Matthew means to jolt us into righteousness by telling us who it is we also see in the faces of the marginalized.
Christ is present in the least of these who we see before us. How radical is that? That behind the eyes of all who stand before us, we can catch glimpses of the Divine. Matthew, when he wrote about the birth of Jesus, points out that the name Immanuel—which applies to Jesus— means ‘God is with us.’
God is with us…and we see that image of God…the image that God created…the image shared by Christ when he walked the earth as God incarnate…the image which the Holy Spirit enlivens daily… that spark of the divine…that image of God… present in those who stand or sit before us hungry, thirsty, ill-clothed, sick, imprisoned.
Matthew means to jolt us into righteousness by telling us that Christ is still here.

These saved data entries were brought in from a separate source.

(* Let $k$ be a positive integer and let $p(k)$ be the smallest prime strictly larger than $k$. Suppose $p(k)=k+3$ and $p(k)\equiv 11 \pmod{12}$. Then $\omega(\mathcal F_{\leqslant k})=\chi(\mathcal F_{\leqslant k})=1+p(k)$.
   Context: The vertex set $V$ consists of all reduced fractions $p/q$ with $p,q\in\mathbb Z$, $\gcd(p,q)=1$, together with $1/0$; here $p/q$ and $(-p)/(-q)$ denote the same vertex. For vertices define $d(p/q,a/b)=|pb-qa|$ (which is $\ge1$ for distinct vertices). The graph $\mathcal F_{\leqslant k}$ has vertex set $V$, with an edge between distinct vertices $p/q$ and $a/b$ exactly when $d(p/q,a/b)\le k$. $\omega$ and $\chi$ denote clique number and chromatic number. *)

theory Defs
  imports Main "HOL-Computational_Algebra.Primes" "HOL-Library.Extended_Nat"
begin

text \<open>Vertices: reduced fractions p/q, represented canonically by the pair (p,q) with
gcd p q = 1 and either q > 0, or q = 0 and p = 1 (the vertex 1/0). This picks exactly
one representative of each class {p/q, (-p)/(-q)}.\<close>

definition farey_vertices :: "(int \<times> int) set" where
  "farey_vertices = {(p, q). coprime p q \<and> (q > 0 \<or> (q = 0 \<and> p = 1))}"

definition fdist :: "int \<times> int \<Rightarrow> int \<times> int \<Rightarrow> int" where
  "fdist x y = \<bar>fst x * snd y - snd x * fst y\<bar>"

definition F_adj :: "nat \<Rightarrow> int \<times> int \<Rightarrow> int \<times> int \<Rightarrow> bool" where
  "F_adj k x y \<longleftrightarrow> x \<in> farey_vertices \<and> y \<in> farey_vertices \<and> x \<noteq> y \<and> fdist x y \<le> int k"

definition F_clique :: "nat \<Rightarrow> (int \<times> int) set \<Rightarrow> bool" where
  "F_clique k S \<longleftrightarrow> S \<subseteq> farey_vertices \<and> (\<forall>x\<in>S. \<forall>y\<in>S. x \<noteq> y \<longrightarrow> F_adj k x y)"

text \<open>Clique number (in enat, so that an unbounded clique size gives infinity).\<close>
definition F_clique_number :: "nat \<Rightarrow> enat" where
  "F_clique_number k = Sup {enat (card S) | S. finite S \<and> F_clique k S}"

definition F_colourable :: "nat \<Rightarrow> nat \<Rightarrow> bool" where
  "F_colourable k n \<longleftrightarrow> (\<exists>c :: int \<times> int \<Rightarrow> nat.
      (\<forall>x\<in>farey_vertices. c x < n) \<and>
      (\<forall>x y. F_adj k x y \<longrightarrow> c x \<noteq> c y))"

text \<open>Chromatic number (infinity if no finite colouring exists).\<close>
definition F_chromatic_number :: "nat \<Rightarrow> enat" where
  "F_chromatic_number k = Inf {enat n | n. F_colourable k n}"

definition next_prime :: "nat \<Rightarrow> nat" where
  "next_prime k = (LEAST p. prime p \<and> k < p)"

end

theory Submission
  imports Defs "HOL-Number_Theory.Modular_Inverse"
begin

text \<open>For a prime \<open>P > k\<close>, sending \<open>a/b\<close> to the point \<open>(a : b)\<close> of the projective line over
\<open>\<int>/P\<close> is a proper colouring of \<open>\<F>\<^sub>\<le>\<^sub>k\<close> with \<open>P + 1\<close> colours: equal colours force \<open>P\<close> to divide
the determinant \<open>ad - bc\<close>, which for distinct adjacent vertices is nonzero of absolute value
at most \<open>k < P\<close>. The hypotheses force \<open>k = 12M + 8\<close> and \<open>P = k + 3\<close>, and then \<open>1/0\<close>, the
integers in \<open>[0, 7M + 5]\<close>, the half-integers in \<open>[2M + 3/2, 5M + 7/2]\<close> and the non-integral
thirds in \<open>[3M + 7/3, 4M + 8/3]\<close> are pairwise at distance at most \<open>12M + 8\<close>: a clique of
\<open>12M + 12 = P + 1\<close> vertices. A clique and a colouring of the same size fix both
\<open>\<omega>\<close> and \<open>\<chi>\<close>.\<close>

lemma fdist_pos:
  assumes "x \<in> farey_vertices" "y \<in> farey_vertices" "x \<noteq> y"
  shows "0 < fdist x y"
proof -
  obtain a b c d where xy: "x = (a, b)" "y = (c, d)" by force
  have ab: "coprime a b" "b > 0 \<or> b = 0 \<and> a = 1" and cd: "coprime c d" "d > 0 \<or> d = 0 \<and> c = 1"
    using assms(1,2) xy by (auto simp: farey_vertices_def)
  have "a * d \<noteq> b * c"
  proof
    assume eq: "a * d = b * c"
    consider "b > 0" "d > 0" | "b = 0" "a = 1" | "d = 0" "c = 1"
      using ab(2) cd(2) by blast
    then show False
    proof cases
      case 1
      then have "a = c \<and> b = d"
        using coprime_crossproduct'[OF _ _ ab(1) cd(1)] eq by simp
      with assms(3) xy show False by simp
    next
      case 2
      with eq have "d = 0" by simp
      with cd(2) have "c = 1" by simp
      with 2 \<open>d = 0\<close> assms(3) xy show False by simp
    next
      case 3
      with eq ab(2) assms(3) xy show False by auto
    qed
  qed
  then show ?thesis using xy by (simp add: fdist_def)
qed

definition farey_colour :: "int \<Rightarrow> int \<times> int \<Rightarrow> nat" where
  "farey_colour P x =
     (if P dvd snd x then nat P else nat (fst x * modular_inverse P (snd x) mod P))"

lemma farey_colour_less:
  assumes "0 < P"
  shows "farey_colour P x < nat P + 1"
proof -
  have "nat (t mod P) < nat P" for t
    using pos_mod_bound[OF assms] pos_mod_sign[OF assms] assms by (simp add: nat_less_eq_zless)
  then show ?thesis by (simp add: farey_colour_def less_SucI)
qed

lemma prime_dvd_det_if_farey_colour_eq:
  fixes P a b c d :: int
  assumes "prime P" and eq: "farey_colour P (a, b) = farey_colour P (c, d)"
  shows "P dvd a * d - b * c"
proof -
  have "0 < P" using \<open>prime P\<close> by (rule prime_gt_0_int)
  then have residue_ne: "nat (t mod P) \<noteq> nat P" for t
    using pos_mod_bound[of P t] by linarith
  show ?thesis
  proof (cases "P dvd b")
    case True
    then have "P dvd d" using eq residue_ne by (auto simp: farey_colour_def split: if_splits)
    with True show ?thesis by simp
  next
    case False
    then have "\<not> P dvd d" using eq residue_ne by (auto simp: farey_colour_def split: if_splits)
    define u v where "u = modular_inverse P b" and "v = modular_inverse P d"
    have bu: "[b * u = 1] (mod P)" and dv: "[d * v = 1] (mod P)"
      using False \<open>\<not> P dvd d\<close> \<open>prime P\<close> unfolding u_def v_def
      by (auto intro!: cong_modular_inverse1 simp: coprime_commute prime_imp_coprime)
    have "nat (a * u mod P) = nat (c * v mod P)"
      using eq False \<open>\<not> P dvd d\<close> by (simp add: farey_colour_def u_def v_def)
    then have auv: "[a * u = c * v] (mod P)"
      using \<open>0 < P\<close> by (simp add: cong_def nat_eq_iff2)
    have "[a * d = a * d * (b * u)] (mod P)"
      using cong_scalar_left[OF bu, of "a * d"] by (simp add: cong_sym)
    also have "a * d * (b * u) = (a * u) * (b * d)" by (simp add: algebra_simps)
    also have "[\<dots> = (c * v) * (b * d)] (mod P)" using auv by (rule cong_scalar_right)
    also have "(c * v) * (b * d) = b * c * (d * v)" by (simp add: algebra_simps)
    also have "[\<dots> = b * c] (mod P)" using cong_scalar_left[OF dv, of "b * c"] by simp
    finally show ?thesis by (simp add: cong_iff_dvd_diff)
  qed
qed

lemma fdist_ge_if_farey_colour_eq:
  assumes "prime P" "x \<in> farey_vertices" "y \<in> farey_vertices" "x \<noteq> y"
    and "farey_colour P x = farey_colour P y"
  shows "P \<le> fdist x y"
proof -
  obtain a b c d where xy: "x = (a, b)" "y = (c, d)" by force
  have "P dvd a * d - b * c"
    using prime_dvd_det_if_farey_colour_eq assms(1,5) xy by simp
  have "a * d - b * c \<noteq> 0"
    using fdist_pos[OF assms(2-4)] xy by (simp add: fdist_def)
  then have "\<bar>P\<bar> \<le> \<bar>a * d - b * c\<bar>"
    using \<open>P dvd a * d - b * c\<close> by (rule dvd_imp_le_int)
  then show ?thesis
    using prime_gt_0_int[OF assms(1)] xy by (simp add: fdist_def)
qed

lemma F_colourable_prime:
  assumes "prime P" "k < P"
  shows "F_colourable k (P + 1)"
  unfolding F_colourable_def
proof (intro exI[of _ "farey_colour (int P)"] conjI ballI allI impI)
  fix x
  show "farey_colour (int P) x < P + 1"
    using farey_colour_less[of "int P" x] prime_gt_0_nat[OF assms(1)] by simp
next
  fix x y
  assume "F_adj k x y"
  then have "x \<in> farey_vertices" "y \<in> farey_vertices" "x \<noteq> y" "fdist x y < int P"
    using assms(2) unfolding F_adj_def by auto
  then show "farey_colour (int P) x \<noteq> farey_colour (int P) y"
    using fdist_ge_if_farey_colour_eq[of "int P" x y] assms(1) by auto
qed

lemma card_le_if_F_clique_F_colourable:
  assumes "finite S" "F_clique k S" "F_colourable k n"
  shows "card S \<le> n"
proof -
  obtain c where c: "\<forall>x\<in>farey_vertices. c x < n" "\<forall>x y. F_adj k x y \<longrightarrow> c x \<noteq> c y"
    using assms(3) unfolding F_colourable_def by blast
  have "inj_on c S" using assms(2) c(2) unfolding F_clique_def inj_on_def by blast
  moreover have "c ` S \<subseteq> {..<n}" using assms(2) c(1) unfolding F_clique_def by auto
  ultimately show ?thesis by (metis card_image card_lessThan card_mono finite_lessThan)
qed

lemma F_clique_number_eqI:
  assumes "finite S" "F_clique k S" "F_colourable k (card S)"
  shows "F_clique_number k = enat (card S)"
  unfolding F_clique_number_def
proof (rule antisym)
  show "Sup {enat (card T) |T. finite T \<and> F_clique k T} \<le> enat (card S)"
    using card_le_if_F_clique_F_colourable[OF _ _ assms(3)] by (auto intro!: Sup_least)
  show "enat (card S) \<le> Sup {enat (card T) |T. finite T \<and> F_clique k T}"
    using assms(1,2) by (auto intro!: Sup_upper)
qed

lemma F_chromatic_number_eqI:
  assumes "finite S" "F_clique k S" "F_colourable k (card S)"
  shows "F_chromatic_number k = enat (card S)"
  unfolding F_chromatic_number_def
proof (rule antisym)
  show "Inf {enat n |n. F_colourable k n} \<le> enat (card S)"
    using assms(3) by (auto intro!: Inf_lower)
  show "enat (card S) \<le> Inf {enat n |n. F_colourable k n}"
    using card_le_if_F_clique_F_colourable[OF assms(1,2)] by (auto intro!: Inf_greatest)
qed

definition farey_clique :: "int \<Rightarrow> (int \<times> int) set" where
  "farey_clique M = {(1, 0)} \<union> (\<lambda>n. (n, 1)) ` {0..7*M+5}
     \<union> (\<lambda>j. (2*j+1, 2)) ` {2*M+1..5*M+3}
     \<union> (\<lambda>j. (3*j+1, 3)) ` {3*M+2..4*M+2} \<union> (\<lambda>j. (3*j+2, 3)) ` {3*M+2..4*M+2}"

lemma coprime_mult_add_left: "coprime (m * k + n) m \<longleftrightarrow> coprime n (m :: int)"
  by (metis coprime_iff_gcd_eq_1 gcd.commute gcd_add_mult mult.commute)

lemma farey_clique_subset: "farey_clique M \<subseteq> farey_vertices"
  unfolding farey_clique_def farey_vertices_def
  by (auto simp: coprime_mult_add_left)

lemma fdist_farey_clique_le:
  assumes "0 \<le> M" "x \<in> farey_clique M" "y \<in> farey_clique M"
  shows "fdist x y \<le> 12 * M + 8"
  using assms unfolding farey_clique_def fdist_def by (auto simp: abs_if)

lemma F_clique_farey_clique:
  assumes "0 \<le> M" "12 * M + 8 \<le> int k"
  shows "F_clique k (farey_clique M)"
  using farey_clique_subset fdist_farey_clique_le[OF assms(1)] assms(2)
  unfolding F_clique_def F_adj_def by fastforce

lemma finite_farey_clique: "finite (farey_clique M)"
  by (simp add: farey_clique_def)

lemma card_farey_clique:
  assumes "0 \<le> M"
  shows "card (farey_clique M) = nat (12 * M + 12)"
proof -
  let ?B = "(\<lambda>n. (n, 1::int)) ` {0..7*M+5}"
  let ?C = "(\<lambda>j. (2*j+1, 2::int)) ` {2*M+1..5*M+3}"
  let ?D = "(\<lambda>j. (3*j+1, 3::int)) ` {3*M+2..4*M+2}"
  let ?E = "(\<lambda>j. (3*j+2, 3::int)) ` {3*M+2..4*M+2}"
  have "card ?B = nat (7*M+6)" "card ?C = nat (3*M+3)" "card ?D = nat (M+1)" "card ?E = nat (M+1)"
    by (subst card_image; auto simp: inj_on_def)+
  moreover have "(1, 0) \<notin> ?B \<union> (?C \<union> (?D \<union> ?E))" "?B \<inter> (?C \<union> (?D \<union> ?E)) = {}"
    "?C \<inter> (?D \<union> ?E) = {}" "?D \<inter> ?E = {}"
    by auto presburger
  moreover have "farey_clique M = {(1, 0)} \<union> (?B \<union> (?C \<union> (?D \<union> ?E)))"
    unfolding farey_clique_def by (simp add: Un_assoc)
  ultimately have "card (farey_clique M) = 1 + (nat (7*M+6) + (nat (3*M+3) + (nat (M+1) + nat (M+1))))"
    by (simp add: card_Un_disjoint del: Un_iff)
  then show ?thesis using assms by (simp add: nat_add_distrib[symmetric])
qed

lemma prime_next_prime: "prime (next_prime k)"
  and less_next_prime: "k < next_prime k"
  using LeastI_ex[OF bigger_prime[of k]] by (simp_all add: next_prime_def)

theorem theorem1p3:
  fixes k :: nat
  assumes "0 < k"
    and "next_prime k = k + 3"
    and "next_prime k mod 12 = 11"
  shows "F_clique_number k = enat (1 + next_prime k)
       \<and> F_chromatic_number k = enat (1 + next_prime k)"
proof -
  define M where "M = int (k div 12)"
  have "int k = 12 * M + 8" "0 \<le> M"
    using assms(2,3) unfolding M_def by presburger+
  then have clique: "F_clique k (farey_clique M)"
    and card: "card (farey_clique M) = 1 + next_prime k"
    using F_clique_farey_clique card_farey_clique assms(2) by auto
  have "F_colourable k (card (farey_clique M))"
    unfolding card using F_colourable_prime[OF prime_next_prime less_next_prime] by simp
  then show ?thesis
    using F_clique_number_eqI F_chromatic_number_eqI finite_farey_clique clique card by metis
qed

end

Perhaps something more can be said about the righteous and the unrighteous… Something more than the righteous do merciful things and the unrighteous do not. My guess is that the righteous find blessing in this life on earth from their experience with others. They experience a sense of holiness that comes from conversation with others, from sharing a meal with others, and from trading stories with others. In doing so the righteous follow the example of Christ who came to serve…not to be served, and who identified with the type of people polite company did not want to keep around.
In the gospel passage, the righteous built relationships. They invited people in spoke to them in visits broke bread and drank wine together. The unrighteous, who may have done these things if they knew Jesus would show up, did not bother with relationships. They did not bother with people in need. Sure, the unrighteous may not have meant anything bad or malicious by the marginalized. They just did not bother at all. Matthew is telling us that apathy is not righteous, and in ignoring those on the margins, the unrighteous missed seeing God.

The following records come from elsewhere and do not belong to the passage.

lemma neg_support_inj:
  assumes "\<forall>i. e1 i \<in> {-1, 1}" "\<forall>i. e2 i \<in> {-1, 1}" "neg_support e1 = neg_support e2"
  shows "e1 = e2"
proof
  fix i
  have "e1 i = -1 \<longleftrightarrow> e2 i = -1"
    using assms(3) unfolding neg_support_def by blast
  with assms(1,2) show "e1 i = e2 i"
    by (metis insert_iff singletonD)
qed

lemma neg_support_indicator: "neg_support (\<lambda>i. if i \<in> L then -1 else 1) = L"
  by (auto simp: neg_support_def)

lemma neg_support_twisted_mult:
  assumes e1: "\<forall>i. e1 i \<in> {-1, 1}" and e2: "\<forall>i. e2 i \<in> {-1, 1}" and s: "s permutes UNIV"
  shows "neg_support (\<lambda>i. e1 i * e2 (inv_into UNIV s i))
    = neg_support e1 \<union> s ` neg_support e2 - neg_support e1 \<inter> s ` neg_support e2"
proof (rule Set.set_eqI)
  fix i
  have "i \<in> s ` neg_support e2 \<longleftrightarrow> inv_into UNIV s i \<in> neg_support e2"
    using inj_image_mem_iff[OF permutes_inj[OF s]] permutes_inverses(1)[OF s] by metis
  moreover have "e1 i * e2 j = -1 \<longleftrightarrow> (e1 i = -1) \<noteq> (e2 j = -1)" for j
    using e1[rule_format, of i] e2[rule_format, of j] by auto
  ultimately show "i \<in> neg_support (\<lambda>i. e1 i * e2 (inv_into UNIV s i))
      \<longleftrightarrow> i \<in> neg_support e1 \<union> s ` neg_support e2 - neg_support e1 \<inter> s ` neg_support e2"
    unfolding neg_support_def by blast
qed

lemma TR_of_bij:
  "bij_betw TR_of (carrier (signperm_sdp :: (('n::finite \<Rightarrow> int) \<times> ('n \<Rightarrow> 'n)) monoid)) (carrier TRgroup)"
proof (rule bij_betw_imageI)
  show "inj_on TR_of (carrier (signperm_sdp :: (('n \<Rightarrow> int) \<times> ('n \<Rightarrow> 'n)) monoid))"
  proof (rule inj_onI)
    fix x y :: "('n \<Rightarrow> int) \<times> ('n \<Rightarrow> 'n)"
    assume carrier: "x \<in> carrier signperm_sdp" "y \<in> carrier signperm_sdp"
      and eq: "TR_of x = TR_of y"
    obtain e1 s1 e2 s2 where xy: "x = (e1, s1)" "y = (e2, s2)"
      by fastforce
    with carrier have e: "\<forall>i. e1 i \<in> {-1, 1}" "\<forall>i. e2 i \<in> {-1, 1}"
      and s: "s1 permutes UNIV" "s2 permutes UNIV"
      by (simp_all add: signperm_sdp_carrier)
    have "neg_support e1 = neg_support e2 \<and> s1 = s2"
      using s eq by (intro TT_RR_unique) (simp_all add: xy TR_of_def)
    then show "x = y"
      using neg_support_inj[OF e] by (simp add: xy)
  qed
  show "TR_of ` carrier signperm_sdp = carrier (TRgroup :: ('n pt \<Rightarrow> 'n pt) monoid)"
    unfolding carrier_TRgroup
  proof safe
    fix L and s :: "'n \<Rightarrow> 'n"
    assume "s permutes UNIV"
    then have "((\<lambda>i. if i \<in> L then -1 else 1), s) \<in> carrier signperm_sdp"
      by (simp add: signperm_sdp_carrier)
    then show "restrict (TT L \<circ> RR s) DD \<in> TR_of ` carrier signperm_sdp"
      by (rule rev_image_eqI) (simp add: TR_of_def neg_support_indicator)
  qed (auto simp: TR_of_def signperm_sdp_carrier)
qed

lemma TR_of_mult:
  assumes "x \<in> carrier signperm_sdp" "y \<in> carrier signperm_sdp"
  shows "TR_of (x \<otimes>\<^bsub>signperm_sdp\<^esub> y) = TR_of x \<otimes>\<^bsub>TRgroup\<^esub> TR_of y"
proof -
  obtain e1 s1 e2 s2 where xy: "x = (e1, s1)" "y = (e2, s2)"
    by fastforce
  with assms have e: "\<forall>i. e1 i \<in> {-1, 1}" "\<forall>i. e2 i \<in> {-1, 1}" and s: "s1 permutes UNIV" "s2 permutes UNIV"
    by (simp_all add: signperm_sdp_carrier)
  show ?thesis
    by (simp add: xy TR_of_def signperm_sdp_mult TRgroup_mult[OF s] neg_support_twisted_mult[OF e s(1)])
qed

lemma TR_of_iso: "TR_of \<in> iso signperm_sdp TRgroup"
  using TR_of_bij bij_betw_apply by (fastforce intro: isoI homI TR_of_mult)

lemma TR_of_one: "TR_of \<one>\<^bsub>signperm_sdp\<^esub> = \<one>\<^bsub>TRgroup\<^esub>"
  by (simp add: TR_of_def signperm_sdp_one TRgroup_one neg_support_def)

theorem proposition1:
  shows "(\<forall>(L::'n::finite set). Aut_pi (TT L)) \<and>
         (\<forall>s::'n \<Rightarrow> 'n. s permutes UNIV \<longrightarrow> Aut_pi (RR s)) \<and>
         group (TRgroup :: ('n pt \<Rightarrow> 'n pt) monoid) \<and>
         (TRgroup :: ('n pt \<Rightarrow> 'n pt) monoid) \<cong> (signperm_sdp :: (('n \<Rightarrow> int) \<times> ('n \<Rightarrow> 'n)) monoid)"
proof (intro conjI allI impI)
  show "Aut_pi (TT L)" for L :: "'n set"
    by (rule Aut_pi_TT)
  show "Aut_pi (RR s)" if "s permutes UNIV" for s :: "'n \<Rightarrow> 'n"
    using that by (rule Aut_pi_RR)
  interpret sdp: group "signperm_sdp :: (('n \<Rightarrow> int) \<times> ('n \<Rightarrow> 'n)) monoid"
    by (rule group_signperm_sdp)
  show "group (TRgroup :: ('n pt \<Rightarrow> 'n pt) monoid)"
    using sdp.iso_imp_img_group[OF TR_of_iso] by (simp add: TR_of_one)
  show "(TRgroup :: ('n pt \<Rightarrow> 'n pt) monoid) \<cong> (signperm_sdp :: (('n \<Rightarrow> int) \<times> ('n \<Rightarrow> 'n)) monoid)"
    by (rule sdp.iso_sym[OF is_isoI[OF TR_of_iso]])
qed

end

Matthew means to jolt us into righteousness by entering into relationships that matter…relationships that express both love of neighbor and love of God by bringing us together.
It is easy to miss the Gospel in this passage because Matthew means to jolt us into righteousness. But he does not leave us in fear. We are not condemned. Matthew points out to us that our faith is best expressed in works of mercy that matter in this life…that it is a matter of turning one’s heart—which no one else can see and judge—to the point where doing what is right becomes second nature. The trick is to learn to see God, by loving God and our neighbor. The refusal of this love is our choice, and is a refusal of relationships that matter.
We are not in this alone. God does not leave us to our own devices only to pull the rug from under us. God is present in us and with us (as in the Holy Eucharist) to help us see the sparks of the divine we may otherwise miss. We are all God’s own. And God loves us. Let us love God back, and let us love our neighbor too.